* [RECORDS SHOWN]:

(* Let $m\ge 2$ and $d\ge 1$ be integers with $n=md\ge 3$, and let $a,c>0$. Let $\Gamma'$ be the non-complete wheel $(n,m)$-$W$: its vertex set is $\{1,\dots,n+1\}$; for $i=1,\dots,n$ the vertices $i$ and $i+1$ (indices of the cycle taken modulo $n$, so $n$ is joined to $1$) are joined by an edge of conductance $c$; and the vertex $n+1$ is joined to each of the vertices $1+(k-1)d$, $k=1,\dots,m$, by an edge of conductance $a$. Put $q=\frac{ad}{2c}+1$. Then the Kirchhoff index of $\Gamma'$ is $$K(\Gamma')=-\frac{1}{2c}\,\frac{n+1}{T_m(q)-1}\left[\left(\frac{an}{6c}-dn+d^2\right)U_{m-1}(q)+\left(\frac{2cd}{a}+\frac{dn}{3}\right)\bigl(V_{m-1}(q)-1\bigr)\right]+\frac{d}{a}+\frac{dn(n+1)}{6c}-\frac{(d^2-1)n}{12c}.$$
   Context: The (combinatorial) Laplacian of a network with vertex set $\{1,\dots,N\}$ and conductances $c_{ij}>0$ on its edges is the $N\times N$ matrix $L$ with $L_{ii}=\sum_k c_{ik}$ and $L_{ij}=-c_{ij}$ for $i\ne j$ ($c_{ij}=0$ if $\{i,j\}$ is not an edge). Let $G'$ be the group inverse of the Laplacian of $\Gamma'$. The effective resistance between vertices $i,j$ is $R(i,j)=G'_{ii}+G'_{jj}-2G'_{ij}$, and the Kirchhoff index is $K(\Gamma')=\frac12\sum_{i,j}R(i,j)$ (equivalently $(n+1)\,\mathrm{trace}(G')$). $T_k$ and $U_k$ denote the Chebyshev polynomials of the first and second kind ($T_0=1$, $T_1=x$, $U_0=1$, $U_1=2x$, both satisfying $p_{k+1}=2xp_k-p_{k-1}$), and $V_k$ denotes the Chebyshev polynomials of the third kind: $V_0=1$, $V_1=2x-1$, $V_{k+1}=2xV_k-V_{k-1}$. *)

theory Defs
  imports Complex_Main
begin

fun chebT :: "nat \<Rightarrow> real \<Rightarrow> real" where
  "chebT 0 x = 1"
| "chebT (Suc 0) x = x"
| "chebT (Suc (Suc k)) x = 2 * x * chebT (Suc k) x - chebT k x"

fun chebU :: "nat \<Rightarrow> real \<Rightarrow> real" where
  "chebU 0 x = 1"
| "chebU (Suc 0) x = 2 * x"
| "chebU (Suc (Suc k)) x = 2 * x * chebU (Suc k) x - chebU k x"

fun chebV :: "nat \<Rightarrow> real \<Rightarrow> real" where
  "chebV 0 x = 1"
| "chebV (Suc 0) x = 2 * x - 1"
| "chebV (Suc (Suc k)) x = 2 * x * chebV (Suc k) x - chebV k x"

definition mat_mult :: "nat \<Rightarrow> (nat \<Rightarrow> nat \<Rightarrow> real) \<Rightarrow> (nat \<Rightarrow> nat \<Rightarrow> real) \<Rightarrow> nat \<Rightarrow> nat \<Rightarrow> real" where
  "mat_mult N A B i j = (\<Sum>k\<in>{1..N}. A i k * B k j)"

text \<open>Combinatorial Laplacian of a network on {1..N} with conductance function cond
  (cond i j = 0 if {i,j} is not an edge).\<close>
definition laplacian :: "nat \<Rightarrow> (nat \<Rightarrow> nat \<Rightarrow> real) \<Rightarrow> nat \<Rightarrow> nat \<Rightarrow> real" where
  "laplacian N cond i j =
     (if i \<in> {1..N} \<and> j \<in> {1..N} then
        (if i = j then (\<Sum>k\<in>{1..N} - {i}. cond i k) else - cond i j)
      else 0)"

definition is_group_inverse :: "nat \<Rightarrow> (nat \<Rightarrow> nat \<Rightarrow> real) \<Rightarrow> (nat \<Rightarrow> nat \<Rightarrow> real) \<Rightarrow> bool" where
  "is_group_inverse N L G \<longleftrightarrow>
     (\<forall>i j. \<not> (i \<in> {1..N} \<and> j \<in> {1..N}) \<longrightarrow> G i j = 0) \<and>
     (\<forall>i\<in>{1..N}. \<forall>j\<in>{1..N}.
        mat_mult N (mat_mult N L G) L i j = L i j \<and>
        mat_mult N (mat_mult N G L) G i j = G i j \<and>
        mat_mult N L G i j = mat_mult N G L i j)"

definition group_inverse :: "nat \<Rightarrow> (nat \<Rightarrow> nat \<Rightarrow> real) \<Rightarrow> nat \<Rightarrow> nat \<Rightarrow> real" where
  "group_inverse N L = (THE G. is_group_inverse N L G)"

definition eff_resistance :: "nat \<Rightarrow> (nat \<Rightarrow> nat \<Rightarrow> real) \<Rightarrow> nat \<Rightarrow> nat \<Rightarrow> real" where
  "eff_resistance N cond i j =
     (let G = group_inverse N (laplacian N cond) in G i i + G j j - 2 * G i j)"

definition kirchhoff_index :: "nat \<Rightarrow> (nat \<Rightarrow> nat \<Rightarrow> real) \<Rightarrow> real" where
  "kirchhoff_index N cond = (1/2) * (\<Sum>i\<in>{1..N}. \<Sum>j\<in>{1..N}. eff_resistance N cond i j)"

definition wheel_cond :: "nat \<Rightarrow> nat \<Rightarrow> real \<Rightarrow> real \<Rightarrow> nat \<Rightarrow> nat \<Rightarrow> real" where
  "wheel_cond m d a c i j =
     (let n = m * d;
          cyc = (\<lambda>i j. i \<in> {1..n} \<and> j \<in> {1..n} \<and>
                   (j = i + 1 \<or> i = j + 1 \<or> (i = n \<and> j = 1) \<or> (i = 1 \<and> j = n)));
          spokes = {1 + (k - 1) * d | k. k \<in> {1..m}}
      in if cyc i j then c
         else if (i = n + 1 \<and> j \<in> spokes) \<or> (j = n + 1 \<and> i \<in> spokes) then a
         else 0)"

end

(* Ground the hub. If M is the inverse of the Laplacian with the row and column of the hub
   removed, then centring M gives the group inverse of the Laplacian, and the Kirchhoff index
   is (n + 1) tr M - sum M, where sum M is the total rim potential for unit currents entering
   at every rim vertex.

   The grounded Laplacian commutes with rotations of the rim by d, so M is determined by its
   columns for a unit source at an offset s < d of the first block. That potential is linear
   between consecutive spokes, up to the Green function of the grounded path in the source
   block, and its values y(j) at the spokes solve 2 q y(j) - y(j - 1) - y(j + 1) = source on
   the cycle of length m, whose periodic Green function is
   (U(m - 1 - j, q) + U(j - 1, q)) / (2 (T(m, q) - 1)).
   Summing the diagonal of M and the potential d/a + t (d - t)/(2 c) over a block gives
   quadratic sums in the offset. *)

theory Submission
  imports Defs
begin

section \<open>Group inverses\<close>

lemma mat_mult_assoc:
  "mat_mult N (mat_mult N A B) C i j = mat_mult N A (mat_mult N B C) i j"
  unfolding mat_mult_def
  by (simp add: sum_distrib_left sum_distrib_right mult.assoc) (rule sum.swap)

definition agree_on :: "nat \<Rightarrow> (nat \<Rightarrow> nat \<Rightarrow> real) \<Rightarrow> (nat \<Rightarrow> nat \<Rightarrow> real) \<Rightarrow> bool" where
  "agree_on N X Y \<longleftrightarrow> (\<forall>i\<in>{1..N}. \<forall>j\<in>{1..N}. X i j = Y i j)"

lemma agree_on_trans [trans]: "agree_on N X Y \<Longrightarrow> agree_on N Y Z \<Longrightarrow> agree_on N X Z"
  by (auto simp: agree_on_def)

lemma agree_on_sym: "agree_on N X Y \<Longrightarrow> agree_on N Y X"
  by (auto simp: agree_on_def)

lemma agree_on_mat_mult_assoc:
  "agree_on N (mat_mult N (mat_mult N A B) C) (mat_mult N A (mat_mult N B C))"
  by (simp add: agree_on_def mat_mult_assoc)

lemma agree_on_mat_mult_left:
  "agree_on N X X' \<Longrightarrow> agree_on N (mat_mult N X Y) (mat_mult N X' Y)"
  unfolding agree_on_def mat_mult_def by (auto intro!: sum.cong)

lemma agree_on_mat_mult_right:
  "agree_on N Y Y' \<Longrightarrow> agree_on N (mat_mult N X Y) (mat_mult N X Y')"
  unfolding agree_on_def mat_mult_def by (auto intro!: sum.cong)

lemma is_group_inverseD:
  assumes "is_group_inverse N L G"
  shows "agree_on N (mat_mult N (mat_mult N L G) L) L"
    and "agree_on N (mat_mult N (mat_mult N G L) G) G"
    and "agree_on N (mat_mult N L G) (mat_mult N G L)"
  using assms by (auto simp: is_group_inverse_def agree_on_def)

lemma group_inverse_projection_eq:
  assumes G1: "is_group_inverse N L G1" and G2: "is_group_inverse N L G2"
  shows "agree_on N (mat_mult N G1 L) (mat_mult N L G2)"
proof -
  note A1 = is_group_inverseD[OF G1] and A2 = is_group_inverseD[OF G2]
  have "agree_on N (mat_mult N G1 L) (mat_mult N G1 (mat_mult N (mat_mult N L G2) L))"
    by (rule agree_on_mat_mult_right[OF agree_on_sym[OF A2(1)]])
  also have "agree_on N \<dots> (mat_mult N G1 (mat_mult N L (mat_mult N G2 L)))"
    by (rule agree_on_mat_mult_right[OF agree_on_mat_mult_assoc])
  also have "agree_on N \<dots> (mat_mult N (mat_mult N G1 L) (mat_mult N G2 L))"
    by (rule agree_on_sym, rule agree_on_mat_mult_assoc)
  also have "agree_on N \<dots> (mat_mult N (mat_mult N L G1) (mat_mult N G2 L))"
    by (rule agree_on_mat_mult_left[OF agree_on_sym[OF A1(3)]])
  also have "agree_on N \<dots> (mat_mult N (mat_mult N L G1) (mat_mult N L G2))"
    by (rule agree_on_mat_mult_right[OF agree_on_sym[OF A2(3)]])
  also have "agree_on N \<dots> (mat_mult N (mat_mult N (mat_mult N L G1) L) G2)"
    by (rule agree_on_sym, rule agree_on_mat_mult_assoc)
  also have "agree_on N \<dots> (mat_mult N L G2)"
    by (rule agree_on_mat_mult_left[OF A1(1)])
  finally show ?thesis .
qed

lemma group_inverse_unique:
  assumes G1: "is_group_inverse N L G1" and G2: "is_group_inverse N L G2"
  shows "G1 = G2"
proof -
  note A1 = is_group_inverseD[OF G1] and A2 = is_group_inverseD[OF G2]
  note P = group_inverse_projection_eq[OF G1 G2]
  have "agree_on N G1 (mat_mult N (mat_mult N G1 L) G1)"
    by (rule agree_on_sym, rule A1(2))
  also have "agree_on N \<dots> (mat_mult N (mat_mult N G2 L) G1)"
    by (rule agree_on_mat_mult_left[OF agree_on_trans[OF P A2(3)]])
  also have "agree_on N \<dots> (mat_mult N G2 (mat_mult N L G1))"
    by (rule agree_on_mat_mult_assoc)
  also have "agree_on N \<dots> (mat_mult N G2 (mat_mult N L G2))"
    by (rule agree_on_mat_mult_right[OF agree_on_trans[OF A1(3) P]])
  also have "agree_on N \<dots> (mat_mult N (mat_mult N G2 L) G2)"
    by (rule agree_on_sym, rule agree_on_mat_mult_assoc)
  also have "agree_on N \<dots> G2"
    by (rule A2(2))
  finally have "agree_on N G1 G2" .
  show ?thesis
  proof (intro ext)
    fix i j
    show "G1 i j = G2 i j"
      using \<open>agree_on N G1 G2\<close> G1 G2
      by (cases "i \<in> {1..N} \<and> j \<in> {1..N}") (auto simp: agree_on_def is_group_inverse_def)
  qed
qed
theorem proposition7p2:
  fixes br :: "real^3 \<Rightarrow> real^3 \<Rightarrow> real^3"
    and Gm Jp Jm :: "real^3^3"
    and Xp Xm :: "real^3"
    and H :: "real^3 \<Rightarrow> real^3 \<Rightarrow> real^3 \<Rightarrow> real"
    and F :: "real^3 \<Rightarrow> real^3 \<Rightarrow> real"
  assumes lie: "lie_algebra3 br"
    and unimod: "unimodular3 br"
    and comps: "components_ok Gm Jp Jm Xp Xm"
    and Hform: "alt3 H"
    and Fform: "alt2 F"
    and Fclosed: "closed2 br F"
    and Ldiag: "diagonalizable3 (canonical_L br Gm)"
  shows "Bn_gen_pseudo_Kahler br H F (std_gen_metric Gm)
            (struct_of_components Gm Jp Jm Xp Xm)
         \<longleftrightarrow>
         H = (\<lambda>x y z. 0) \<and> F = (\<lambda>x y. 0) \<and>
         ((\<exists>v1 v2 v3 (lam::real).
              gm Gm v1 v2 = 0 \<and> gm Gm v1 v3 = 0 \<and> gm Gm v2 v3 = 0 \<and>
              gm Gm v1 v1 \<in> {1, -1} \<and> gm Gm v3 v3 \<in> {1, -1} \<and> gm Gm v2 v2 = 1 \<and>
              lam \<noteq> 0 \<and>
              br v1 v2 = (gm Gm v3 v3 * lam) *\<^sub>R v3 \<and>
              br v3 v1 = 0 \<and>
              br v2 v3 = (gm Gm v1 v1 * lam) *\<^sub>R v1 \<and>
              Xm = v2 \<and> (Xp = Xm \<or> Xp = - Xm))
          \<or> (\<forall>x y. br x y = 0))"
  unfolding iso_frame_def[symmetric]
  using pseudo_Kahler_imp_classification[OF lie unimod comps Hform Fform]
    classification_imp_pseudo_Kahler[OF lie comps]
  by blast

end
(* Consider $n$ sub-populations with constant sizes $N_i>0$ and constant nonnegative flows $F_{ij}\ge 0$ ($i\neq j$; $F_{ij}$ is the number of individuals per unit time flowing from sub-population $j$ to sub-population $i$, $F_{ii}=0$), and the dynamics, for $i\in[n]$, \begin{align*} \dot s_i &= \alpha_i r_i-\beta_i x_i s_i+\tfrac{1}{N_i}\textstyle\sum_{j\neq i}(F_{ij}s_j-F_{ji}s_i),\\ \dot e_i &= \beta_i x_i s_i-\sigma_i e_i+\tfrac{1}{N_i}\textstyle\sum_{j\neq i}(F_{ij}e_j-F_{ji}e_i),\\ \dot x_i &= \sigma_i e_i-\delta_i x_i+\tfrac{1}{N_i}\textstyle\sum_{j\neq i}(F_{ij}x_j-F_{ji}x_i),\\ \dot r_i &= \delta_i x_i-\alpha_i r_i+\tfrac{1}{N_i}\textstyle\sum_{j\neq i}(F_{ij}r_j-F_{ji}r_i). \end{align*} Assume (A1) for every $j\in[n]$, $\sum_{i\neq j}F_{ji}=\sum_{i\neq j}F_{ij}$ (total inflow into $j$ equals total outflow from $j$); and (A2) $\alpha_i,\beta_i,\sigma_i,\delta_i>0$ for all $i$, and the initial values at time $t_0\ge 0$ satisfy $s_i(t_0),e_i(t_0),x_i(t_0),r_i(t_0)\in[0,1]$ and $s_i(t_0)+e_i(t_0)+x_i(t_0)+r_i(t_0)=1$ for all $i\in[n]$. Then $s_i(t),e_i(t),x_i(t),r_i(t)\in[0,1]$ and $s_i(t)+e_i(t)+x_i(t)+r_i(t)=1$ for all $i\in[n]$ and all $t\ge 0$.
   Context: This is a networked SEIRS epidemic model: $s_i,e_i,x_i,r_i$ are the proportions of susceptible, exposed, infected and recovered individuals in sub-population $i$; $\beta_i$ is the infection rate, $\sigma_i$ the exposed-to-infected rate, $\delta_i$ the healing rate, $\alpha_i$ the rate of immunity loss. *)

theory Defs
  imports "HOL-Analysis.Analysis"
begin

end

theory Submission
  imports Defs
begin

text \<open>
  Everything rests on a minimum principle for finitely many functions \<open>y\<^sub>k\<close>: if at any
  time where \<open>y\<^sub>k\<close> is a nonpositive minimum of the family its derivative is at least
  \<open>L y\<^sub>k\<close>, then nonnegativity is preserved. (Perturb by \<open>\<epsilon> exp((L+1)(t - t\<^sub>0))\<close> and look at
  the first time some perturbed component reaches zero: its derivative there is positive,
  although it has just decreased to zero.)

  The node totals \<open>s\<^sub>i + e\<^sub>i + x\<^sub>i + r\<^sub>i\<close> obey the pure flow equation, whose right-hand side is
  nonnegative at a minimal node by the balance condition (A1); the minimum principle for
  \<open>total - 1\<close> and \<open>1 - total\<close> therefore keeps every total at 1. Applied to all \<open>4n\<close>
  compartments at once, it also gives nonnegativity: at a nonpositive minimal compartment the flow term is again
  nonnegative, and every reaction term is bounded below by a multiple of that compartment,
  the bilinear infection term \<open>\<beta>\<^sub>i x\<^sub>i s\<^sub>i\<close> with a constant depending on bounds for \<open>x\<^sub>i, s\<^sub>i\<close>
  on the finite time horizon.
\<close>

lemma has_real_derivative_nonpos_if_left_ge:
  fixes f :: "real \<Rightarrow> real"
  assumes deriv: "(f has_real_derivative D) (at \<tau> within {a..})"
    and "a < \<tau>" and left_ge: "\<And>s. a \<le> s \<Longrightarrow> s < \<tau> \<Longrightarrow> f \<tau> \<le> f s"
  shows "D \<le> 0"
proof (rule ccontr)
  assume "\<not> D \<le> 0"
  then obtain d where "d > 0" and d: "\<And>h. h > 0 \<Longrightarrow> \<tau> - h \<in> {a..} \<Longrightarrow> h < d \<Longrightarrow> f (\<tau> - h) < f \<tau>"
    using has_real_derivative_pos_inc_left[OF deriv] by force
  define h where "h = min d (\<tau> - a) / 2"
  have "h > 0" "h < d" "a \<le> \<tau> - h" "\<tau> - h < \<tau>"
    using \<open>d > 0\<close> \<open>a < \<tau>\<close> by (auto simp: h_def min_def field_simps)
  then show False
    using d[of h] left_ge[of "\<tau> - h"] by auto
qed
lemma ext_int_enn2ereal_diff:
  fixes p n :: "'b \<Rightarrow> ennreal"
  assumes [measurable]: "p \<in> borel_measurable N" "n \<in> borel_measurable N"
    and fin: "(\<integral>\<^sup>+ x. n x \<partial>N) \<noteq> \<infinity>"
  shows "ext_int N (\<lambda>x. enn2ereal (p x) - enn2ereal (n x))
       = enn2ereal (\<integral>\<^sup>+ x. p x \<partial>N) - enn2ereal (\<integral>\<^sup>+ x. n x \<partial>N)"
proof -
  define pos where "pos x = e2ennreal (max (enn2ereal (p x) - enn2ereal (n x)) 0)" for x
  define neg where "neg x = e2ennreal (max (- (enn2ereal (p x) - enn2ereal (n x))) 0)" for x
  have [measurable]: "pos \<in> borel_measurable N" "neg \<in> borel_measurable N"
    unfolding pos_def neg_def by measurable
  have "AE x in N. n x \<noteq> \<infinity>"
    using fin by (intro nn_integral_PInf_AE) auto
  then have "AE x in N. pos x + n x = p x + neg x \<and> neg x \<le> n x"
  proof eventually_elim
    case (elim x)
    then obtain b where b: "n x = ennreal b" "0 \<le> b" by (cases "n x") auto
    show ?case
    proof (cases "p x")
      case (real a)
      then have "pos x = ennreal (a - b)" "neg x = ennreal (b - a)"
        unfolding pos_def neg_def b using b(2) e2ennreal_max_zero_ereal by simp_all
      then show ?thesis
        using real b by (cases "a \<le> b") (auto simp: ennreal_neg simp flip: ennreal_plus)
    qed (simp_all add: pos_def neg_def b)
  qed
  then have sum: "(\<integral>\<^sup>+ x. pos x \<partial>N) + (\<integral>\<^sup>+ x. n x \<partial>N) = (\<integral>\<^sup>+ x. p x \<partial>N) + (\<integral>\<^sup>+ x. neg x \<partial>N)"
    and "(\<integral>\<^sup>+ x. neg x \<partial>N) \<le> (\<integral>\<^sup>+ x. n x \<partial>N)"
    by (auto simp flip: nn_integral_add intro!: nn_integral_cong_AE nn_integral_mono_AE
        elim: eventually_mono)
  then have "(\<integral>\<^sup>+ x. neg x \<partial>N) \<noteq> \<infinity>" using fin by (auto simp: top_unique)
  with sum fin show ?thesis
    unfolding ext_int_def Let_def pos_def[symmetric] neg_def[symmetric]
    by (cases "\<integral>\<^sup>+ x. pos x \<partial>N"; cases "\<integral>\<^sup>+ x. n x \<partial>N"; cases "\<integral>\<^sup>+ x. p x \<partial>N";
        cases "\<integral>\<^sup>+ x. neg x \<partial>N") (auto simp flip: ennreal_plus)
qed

* [WORK ITEM]:
Using the entries above, give back exactly the line containing "(\<forall>x y. br", the line containing "and look at", and every line between them, and nothing else.

* [OUTPUT OF THE TASK]:
          \<or> (\<forall>x y. br x y = 0))"
  unfolding iso_frame_def[symmetric]
  using pseudo_Kahler_imp_classification[OF lie unimod comps Hform Fform]
    classification_imp_pseudo_Kahler[OF lie comps]
  by blast

end
(* Consider $n$ sub-populations with constant sizes $N_i>0$ and constant nonnegative flows $F_{ij}\ge 0$ ($i\neq j$; $F_{ij}$ is the number of individuals per unit time flowing from sub-population $j$ to sub-population $i$, $F_{ii}=0$), and the dynamics, for $i\in[n]$, \begin{align*} \dot s_i &= \alpha_i r_i-\beta_i x_i s_i+\tfrac{1}{N_i}\textstyle\sum_{j\neq i}(F_{ij}s_j-F_{ji}s_i),\\ \dot e_i &= \beta_i x_i s_i-\sigma_i e_i+\tfrac{1}{N_i}\textstyle\sum_{j\neq i}(F_{ij}e_j-F_{ji}e_i),\\ \dot x_i &= \sigma_i e_i-\delta_i x_i+\tfrac{1}{N_i}\textstyle\sum_{j\neq i}(F_{ij}x_j-F_{ji}x_i),\\ \dot r_i &= \delta_i x_i-\alpha_i r_i+\tfrac{1}{N_i}\textstyle\sum_{j\neq i}(F_{ij}r_j-F_{ji}r_i). \end{align*} Assume (A1) for every $j\in[n]$, $\sum_{i\neq j}F_{ji}=\sum_{i\neq j}F_{ij}$ (total inflow into $j$ equals total outflow from $j$); and (A2) $\alpha_i,\beta_i,\sigma_i,\delta_i>0$ for all $i$, and the initial values at time $t_0\ge 0$ satisfy $s_i(t_0),e_i(t_0),x_i(t_0),r_i(t_0)\in[0,1]$ and $s_i(t_0)+e_i(t_0)+x_i(t_0)+r_i(t_0)=1$ for all $i\in[n]$. Then $s_i(t),e_i(t),x_i(t),r_i(t)\in[0,1]$ and $s_i(t)+e_i(t)+x_i(t)+r_i(t)=1$ for all $i\in[n]$ and all $t\ge 0$.
   Context: This is a networked SEIRS epidemic model: $s_i,e_i,x_i,r_i$ are the proportions of susceptible, exposed, infected and recovered individuals in sub-population $i$; $\beta_i$ is the infection rate, $\sigma_i$ the exposed-to-infected rate, $\delta_i$ the healing rate, $\alpha_i$ the rate of immunity loss. *)

theory Defs
  imports "HOL-Analysis.Analysis"
begin

end

theory Submission
  imports Defs
begin

text \<open>
  Everything rests on a minimum principle for finitely many functions \<open>y\<^sub>k\<close>: if at any
  time where \<open>y\<^sub>k\<close> is a nonpositive minimum of the family its derivative is at least
  \<open>L y\<^sub>k\<close>, then nonnegativity is preserved. (Perturb by \<open>\<epsilon> exp((L+1)(t - t\<^sub>0))\<close> and look at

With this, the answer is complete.